The points to note here are
  • If you forgot to write or not intentionally writing a constructor to your class, JVM creates a one for you internallywhich is a default no argument constructor.
  • If you provide a default (no arg) constructor, JVM uses it to instantiate.
  • If you are not providing default constructor and providing a argumented constructor, then consumers definitely needs to pass the required parameters. In this case, consumers cannot use default constructor anymore since you provided a argumented one and not providing default on while creating object. If they try to use default one compiler error occurs. 
Constructor Overloading:-

Just like method overloading in Java, there is constructor overloading too. Overloading a constructor means providing multiple constructors differing in arguments for a Class. For ex:
public class Bus {  
      int noOfSeats;  
      String busColor;  
      public Bus() {  
           System.out.println("This is default constructor");  
      }  
      public Bus(int seats) {  
         this.noOfSeats = seats;  
           System.out.println("To call this constructor, you need need to pass no of seats");  
      }  
      public Bus(int seats, String color) {  
         this.noOfSeats = seats;  
         this.busColor = color;  
           System.out.println("To call this constructor, you need to pass bus color");  
      }  
 }  
If you see there are multiple constructors provided with different arguments. We just overloaded the constructor. When we want to create a required bus we have to just use the appropriate constructor. It's up to us to create/passing info while creating a bus. You may buy a bus with 20 seats and color it later. Creating different types of buses is possible with above provided constructors.
class BusCreator {  
      public static void main(String[] args) {  
           Bus bus = new Bus();// I just need a bus'  
           Bus seatsBus = new Bus(20);// I need a bus with 20 seats  
           Bus coloredBus = new Bus(25, "Blue");// Need a blue color bus with 20 seats.  
      }  
 }  

Constructor Chaining-

Like the confusion between method and constructor, few usually state that invoking Parent class constructor from Child is constructor chaining. No. That is not 100% true. Weather it is own constructor or Parent constructor, invoking one constructor from other can state as constructor chaining. Lets see the below examples how usually chaining the constructor happens with in the same class and with Parent class.

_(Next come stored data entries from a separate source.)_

(* Let $\mathcal{W}\subset\mathbb{R}^2$ be a planar workspace, $\mathcal{T}:\mathcal{W}\to\mathcal{D}$ the harmonic homeomorphism onto the punctured unit disk, $\mathcal{U}=\{u\in\mathbb{R}^2 : A_s^\top u\ge B_s\}\neq\emptyset$ the input set, and consider the robot $\dot p=u(t)$, $p(0)=\bar p\in\operatorname{int}\mathcal{W}$, with transformed position $q(t)=\mathcal{T}(p(t))$. Let $\mu$ be a predicate with predicate function $h:\mathcal{W}\to\mathbb{R}$ satisfying the assumption below, let $h_T$ be its transformed predicate on $\mathcal{D}$, let $0<t_0<t_1$ and $0<\delta<t_1-t_0$, and consider the always formula $G_{[t_0,t_1]}\mu$ together with the function $$b^G_{[t_0,t_1]}(q,t)=\sigma_{t_1,\delta}(t)\big(h_T(q)+\gamma^G_\delta(z,t)\big),\qquad \gamma^G_\delta(z,t)=a\exp\!\Big(\tfrac{t}{t_0}\ln\!\big(1+\tfrac{h_T(z)}{a}\big)\Big)-\big(a+h_T(z)\big),$$ where $z=\mathcal{T}(\bar p)=\mathcal{T}(p(0))$ and $a\in\mathbb{R}_{\ge 0}$ is chosen such that $0<1+\tfrac{h_T(z)}{a}<1$. If there exists an admissible input $u$ (i.e. $u(t)\in\mathcal{U}$ for all $t\ge 0$) such that the time-varying set $\mathcal{B}^G(t)=\{q\in\mathcal{D}: b^G_{[t_0,t_1]}(q,t)\ge 0\}$ is forward invariant along the resulting trajectory, then the predicate is satisfied, i.e. the trajectory $p$ satisfies $G_{[t_0,t_1]}\mu$ ($h(p(\tau))\ge 0$ for all $\tau\in[t_0,t_1]$).
   Context: Workspace: $\mathcal{G}\subset\mathbb{R}^2$ is a connected planar region containing finitely many distinct inner obstacles $\mathcal{O}_i\subset\mathcal{G}$, and $\mathcal{W}=\mathcal{G}\setminus\bigcup_i\mathcal{O}_i$. $\mathcal{T}:\mathcal{W}\to\mathcal{D}$ is a harmonic homeomorphism onto a punctured unit disk $\mathcal{D}\subseteq\{x\in\mathbb{R}^2:\|x\|\le 1\}$: the outer boundary $\partial\mathcal{G}$ is mapped onto the unit circle and each inner obstacle is mapped to a point of $\mathcal{D}$; its Jacobian $\mathcal{J}(p)$ is invertible. $A_s\in\mathbb{R}^{2\times M}$, $B_s\in\mathbb{R}^M$. Predicate: $\mu$ is True at $p$ iff $h(p)\ge 0$. Assumption on $h$: $h$ is twice continuously differentiable and its zero super-level set $\mathcal{H}=\{p\in\mathcal{W}:h(p)\ge 0\}$ is closed and simply connected. Transformed set $\mathcal{H}_T=\{q\in\mathcal{D}: h(\mathcal{T}^{-1}(q))\ge 0\}$, and the transformed predicate $h_T:\mathcal{D}\to\mathbb{R}$ is the signed distance $h_T(q)=-\min_{\tilde q\in\partial\mathcal{H}_T}\|q-\tilde q\|$ if $q\notin\mathcal{H}_T$ and $h_T(q)=+\min_{\tilde q\in\partial\mathcal{H}_T}\|q-\tilde q\|$ if $q\in\mathcal{H}_T$. Switching function: for $\tau\in\mathbb{R}$, $\delta>0$, $\sigma_{\tau,\delta}(t)=1$ for $t\le\tau-\delta$, $\sigma_{\tau,\delta}(t)=\exp\!\big(-\big[\tfrac{t-(\tau-\delta)}{t-\tau}\big]^2\big)$ for $\tau-\delta<t<\tau$, and $\sigma_{\tau,\delta}(t)=0$ for $t\ge\tau$. STL semantics: $(p,t)\models G_{[a,b]}\mu$ iff $h(p(t_1))\ge 0$ for all $t_1\in[t+a,t+b]$; satisfaction by the trajectory means $(p,0)\models G_{[t_0,t_1]}\mu$. Forward invariance of $\mathcal{B}^G(t)$ means: if $q(0)\in\mathcal{B}^G(0)$ then $q(t)\in\mathcal{B}^G(t)$ for all $t\ge 0$. *)

theory Defs
  imports "HOL-Analysis.Analysis"
begin

type_synonym pt = "real^2"

definition C2_on :: "pt set \<Rightarrow> (pt \<Rightarrow> 'b::real_normed_vector) \<Rightarrow> bool" where
  "C2_on S f \<longleftrightarrow>
     (\<exists>f1 :: pt \<Rightarrow> (pt \<Rightarrow>\<^sub>L 'b). \<exists>f2 :: pt \<Rightarrow> (pt \<Rightarrow>\<^sub>L (pt \<Rightarrow>\<^sub>L 'b)).
        (\<forall>x\<in>S. (f has_derivative blinfun_apply (f1 x)) (at x within S)) \<and>
        (\<forall>x\<in>S. (f1 has_derivative blinfun_apply (f2 x)) (at x within S)) \<and>
        continuous_on S f2)"

definition harmonic_on :: "pt set \<Rightarrow> (pt \<Rightarrow> 'b::real_normed_vector) \<Rightarrow> bool" where
  "harmonic_on S f \<longleftrightarrow>
     (\<exists>f1 :: pt \<Rightarrow> (pt \<Rightarrow>\<^sub>L 'b). \<exists>f2 :: pt \<Rightarrow> (pt \<Rightarrow>\<^sub>L (pt \<Rightarrow>\<^sub>L 'b)).
        (\<forall>x\<in>S. (f has_derivative blinfun_apply (f1 x)) (at x within S)) \<and>
        (\<forall>x\<in>S. (f1 has_derivative blinfun_apply (f2 x)) (at x within S)) \<and>
        continuous_on S f2 \<and>
        (\<forall>x\<in>interior S. (\<Sum>i\<in>Basis. blinfun_apply (blinfun_apply (f2 x) i) i) = 0))"

text \<open>The workspace setting: G connected planar region, finitely many distinct inner
  obstacles Obs i (i in the finite index set I), W = G minus the obstacles, and
  T : W \<rightarrow> D a harmonic homeomorphism onto the punctured unit disk D (closed unit disk
  with one puncture c i per obstacle), mapping the outer boundary of G onto the unit
  circle, with invertible Jacobian everywhere on W.\<close>
definition harmonic_workspace ::
  "pt set \<Rightarrow> 'i set \<Rightarrow> ('i \<Rightarrow> pt set) \<Rightarrow> pt set \<Rightarrow> pt set \<Rightarrow> (pt \<Rightarrow> pt) \<Rightarrow> bool" where
  "harmonic_workspace G I Obs W D T \<longleftrightarrow>
     connected G \<and> finite I \<and> inj_on Obs I \<and> (\<forall>i\<in>I. Obs i \<noteq> {} \<and> Obs i \<subseteq> G) \<and>
     W = G - (\<Union>i\<in>I. Obs i) \<and>
     (\<exists>c. inj_on c I \<and> c ` I \<subseteq> ball 0 1 \<and> D = cball 0 1 - c ` I) \<and>
     (\<exists>Tinv. homeomorphism W D T Tinv) \<and>
     frontier G \<subseteq> W \<and> T ` frontier G = sphere 0 1 \<and>
     harmonic_on W T \<and>
     (\<forall>x\<in>W. \<exists>J. (T has_derivative J) (at x within W) \<and> linear J \<and> bij J)"

definition sigma_sw :: "real \<Rightarrow> real \<Rightarrow> real \<Rightarrow> real" where
  "sigma_sw \<tau> \<delta> t =
     (if t \<le> \<tau> - \<delta> then 1
      else if t < \<tau> then exp (- (((t - (\<tau> - \<delta>)) / (t - \<tau>))\<^sup>2))
      else 0)"

definition transformed_set :: "pt set \<Rightarrow> pt set \<Rightarrow> (pt \<Rightarrow> pt) \<Rightarrow> (pt \<Rightarrow> real) \<Rightarrow> pt set" where
  "transformed_set W D T h = {q \<in> D. h (inv_into W T q) \<ge> 0}"

text \<open>Transformed predicate h_T: signed distance to the boundary of H_T
  (the minimum over the boundary is rendered by infdist).\<close>
definition transformed_pred :: "pt set \<Rightarrow> pt set \<Rightarrow> (pt \<Rightarrow> pt) \<Rightarrow> (pt \<Rightarrow> real) \<Rightarrow> pt \<Rightarrow> real" where
  "transformed_pred W D T h q =
     (let HT = transformed_set W D T h in
      if q \<in> HT then infdist q (frontier HT) else - infdist q (frontier HT))"

definition gammaG :: "real \<Rightarrow> real \<Rightarrow> real \<Rightarrow> real \<Rightarrow> real" where
  "gammaG a t0 hTz t = a * exp ((t / t0) * ln (1 + hTz / a)) - (a + hTz)"

definition bG :: "(pt \<Rightarrow> real) \<Rightarrow> real \<Rightarrow> real \<Rightarrow> real \<Rightarrow> real \<Rightarrow> pt \<Rightarrow> pt \<Rightarrow> real \<Rightarrow> real" where
  "bG hT a t0 t1 \<delta> z q t = sigma_sw t1 \<delta> t * (hT q + gammaG a t0 (hT z) t)"

definition forward_invariant :: "(real \<Rightarrow> pt set) \<Rightarrow> (real \<Rightarrow> pt) \<Rightarrow> bool" where
  "forward_invariant B q \<longleftrightarrow> (q 0 \<in> B 0 \<longrightarrow> (\<forall>t\<ge>0. q t \<in> B t))"

definition input_set :: "real^'m^2 \<Rightarrow> real^'m \<Rightarrow> pt set" where
  "input_set As Bs = {u. \<forall>j. (transpose As *v u) $ j \<ge> Bs $ j}"

end

theory Submission
  imports Defs
begin

text \<open>The barrier vanishes at the initial transformed position, so forward invariance keeps
  it nonnegative along the whole trajectory. For \<open>t0 < t < t1\<close> the switching factor is
  positive and, because \<open>0 < 1 + h_T(z)/a < 1\<close> and \<open>t/t0 > 1\<close>, the offset \<open>\<gamma>\<close> is negative;
  hence \<open>h_T(q(t)) > 0\<close>, which places \<open>q(t)\<close> in \<open>H_T\<close> and gives \<open>h(p(t)) \<ge> 0\<close>. Continuity
  of \<open>h \<circ> p\<close> extends this to the closed interval.\<close>

lemma sigma_sw_pos: "t < \<tau> \<Longrightarrow> 0 < sigma_sw \<tau> \<delta> t"
  unfolding sigma_sw_def by auto

lemma gammaG_at_0: "gammaG a t0 c 0 = - c"
  unfolding gammaG_def by simp

lemma bG_initial_point: "bG hT a t0 t1 \<delta> z z 0 = 0"
  unfolding bG_def gammaG_at_0 by simp

lemma gammaG_neg:
  assumes "0 < a" "0 < 1 + c / a" "1 + c / a < 1" "0 < t0" "t0 < t"
  shows "gammaG a t0 c t < 0"
proof -
  define r where "r = 1 + c / a"
  have "ln r < 0" using assms(2,3) unfolding r_def by simp
  moreover have "1 < t / t0" using assms(4,5) by simp
  ultimately have "(t / t0) * ln r < 1 * ln r"
    by (intro mult_strict_right_mono_neg) auto
  then have "exp ((t / t0) * ln r) < r"
    using assms(2) unfolding r_def by (metis exp_less_cancel_iff exp_ln mult_1)
  then have "a * exp ((t / t0) * ln r) < a * r"
    using assms(1) by simp
  also have "a * r = a + c"
    using assms(1) unfolding r_def by (simp add: field_simps)
  finally show ?thesis unfolding gammaG_def r_def by simp
qed

lemma bG_nonneg_imp_pos:
  assumes "0 \<le> bG hT a t0 t1 \<delta> z q t"
    and "0 < a" "0 < 1 + hT z / a" "1 + hT z / a < 1" "0 < t0" "t0 < t" "t < t1"
  shows "0 < hT q"
proof -
  have "0 < sigma_sw t1 \<delta> t" using assms(7) by (rule sigma_sw_pos)
  then have "0 \<le> hT q + gammaG a t0 (hT z) t"
    using assms(1) unfolding bG_def by (simp add: zero_le_mult_iff)
  moreover have "gammaG a t0 (hT z) t < 0"
    using assms(2-6) by (rule gammaG_neg)
  ultimately show ?thesis by linarith
qed

lemma transformed_pred_pos_imp_mem:
  "0 < transformed_pred W D T h q \<Longrightarrow> q \<in> transformed_set W D T h"
  using infdist_nonneg[of q "frontier (transformed_set W D T h)"]
  unfolding transformed_pred_def Let_def by (auto split: if_splits)

lemma transformed_set_image_iff:
  assumes "inj_on T W" "x \<in> W"
  shows "T x \<in> transformed_set W D T h \<longleftrightarrow> T x \<in> D \<and> 0 \<le> h x"
  using assms by (simp add: transformed_set_def inv_into_f_f)

lemma C2_on_imp_continuous_on: "C2_on S f \<Longrightarrow> continuous_on S f"
  unfolding C2_on_def by (elim exE conjE) (rule has_derivative_continuous_on, blast)

lemma nonneg_on_closed_interval_if_nonneg_on_open:
  fixes f :: "real \<Rightarrow> real"
  assumes "continuous_on {a..b} f" "a < b" "\<And>t. a < t \<Longrightarrow> t < b \<Longrightarrow> 0 \<le> f t"
  shows "\<forall>t\<in>{a..b}. 0 \<le> f t"
  using continuous_ge_on_closure[of "{a<..<b}" f _ 0] assms by auto

theorem theorem2:
  fixes G W D :: "(real^2) set" and I :: "'i set" and Obs :: "'i \<Rightarrow> (real^2) set"
    and T :: "real^2 \<Rightarrow> real^2" and As :: "real^'m^2" and Bs :: "real^'m"
    and h :: "real^2 \<Rightarrow> real" and t0 t1 \<delta> a :: real and pbar :: "real^2"
    and u p :: "real \<Rightarrow> real^2"
  assumes ws: "harmonic_workspace G I Obs W D T"
    and U_ne: "input_set As Bs \<noteq> {}"
    and h_C2: "C2_on W h"
    and H_closed: "closed {x \<in> W. h x \<ge> 0}"
    and H_sc: "simply_connected {x \<in> W. h x \<ge> 0}"
    and times: "0 < t0" "t0 < t1" "0 < \<delta>" "\<delta> < t1 - t0"
    and a_nonneg: "a \<ge> 0"
    and a_cond: "0 < 1 + transformed_pred W D T h (T pbar) / a"
                "1 + transformed_pred W D T h (T pbar) / a < 1"
    and pbar: "pbar \<in> interior W"
    and admissible: "\<forall>t\<ge>0. u t \<in> input_set As Bs"
    and ode: "\<forall>t\<ge>0. (p has_vector_derivative u t) (at t within {0..})"
    and init: "p 0 = pbar"
    and in_W: "\<forall>t\<ge>0. p t \<in> W"
    and inv: "forward_invariant
                (\<lambda>t. {q \<in> D. bG (transformed_pred W D T h) a t0 t1 \<delta> (T pbar) q t \<ge> 0})
                (\<lambda>t. T (p t))"
  shows "\<forall>\<tau>\<in>{t0..t1}. h (p \<tau>) \<ge> 0"
proof (rule nonneg_on_closed_interval_if_nonneg_on_open)
  let ?hT = "transformed_pred W D T h"
  obtain Tinv where "homeomorphism W D T Tinv"
    using ws unfolding harmonic_workspace_def by blast
  then have TW: "T ` W = D" and injT: "inj_on T W"
    by (auto simp: homeomorphism_def intro: inj_on_inverseI)
  have a_pos: "0 < a"
    using a_nonneg a_cond by (cases "a = 0") auto
  have "T pbar \<in> D"
    using pbar interior_subset TW by blast
  then have barrier: "0 \<le> bG ?hT a t0 t1 \<delta> (T pbar) (T (p t)) t" if "0 \<le> t" for t
    using inv that init unfolding forward_invariant_def by (simp add: bG_initial_point)
  show "0 \<le> h (p t)" if "t0 < t" "t < t1" for t
  proof -
    have "0 \<le> t" using that times by simp
    have "0 < ?hT (T (p t))"
      using bG_nonneg_imp_pos[OF barrier[OF \<open>0 \<le> t\<close>] a_pos a_cond times(1)] that .
    then show ?thesis
      using transformed_pred_pos_imp_mem transformed_set_image_iff injT in_W \<open>0 \<le> t\<close> by blast
  qed
  have "continuous_on {0..} p"
    using ode by (auto simp: continuous_on_eq_continuous_within intro: has_vector_derivative_continuous)
  then have "continuous_on {t0..t1} p"
    by (rule continuous_on_subset) (use times in auto)
  moreover have "p ` {t0..t1} \<subseteq> W"
    using in_W times by auto
  ultimately show "continuous_on {t0..t1} (\<lambda>t. h (p t))"
    using continuous_on_compose2[OF C2_on_imp_continuous_on[OF h_C2]] by blast
  show "t0 < t1" by (rule times(2))
qed

end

We chain(calling) one constructor from other with in the same classso that we can avoid code duplication. Without chaining every constructor have whole business logic and that leads to code duplication and hard to maintain the code as well.
public class Bus {  
      int noOfSeats;  
      String busColor;  
      public Bus() {  
           constructBus();  
      }  
      public Bus(int seats) {  
           this();// calling default constructor for business logic.  
           this.noOfSeats = seats;  
      }  
      public Bus(int seats, String color) {  
           this(seats); // Using another constructor and proceeding..  
           this.busColor = color;  
      }  
      private void constructBus() {  
           // Whole process of constructing bus.  
      }  
 }  
Below we chained Parent constructor to Child constructor as below to pass the required information to Parent while creating a Child object.
public class Vehicle {  
      private String vehicleName;  
      public Vehicle(String name) {  
           this.vehicleName = name;  
      }  
 }  
 class Bus extends Vehicle {  
      int noOfSeats;  
      String busColor;  
      public Bus() {  
           super("bus"); // calling super constructor.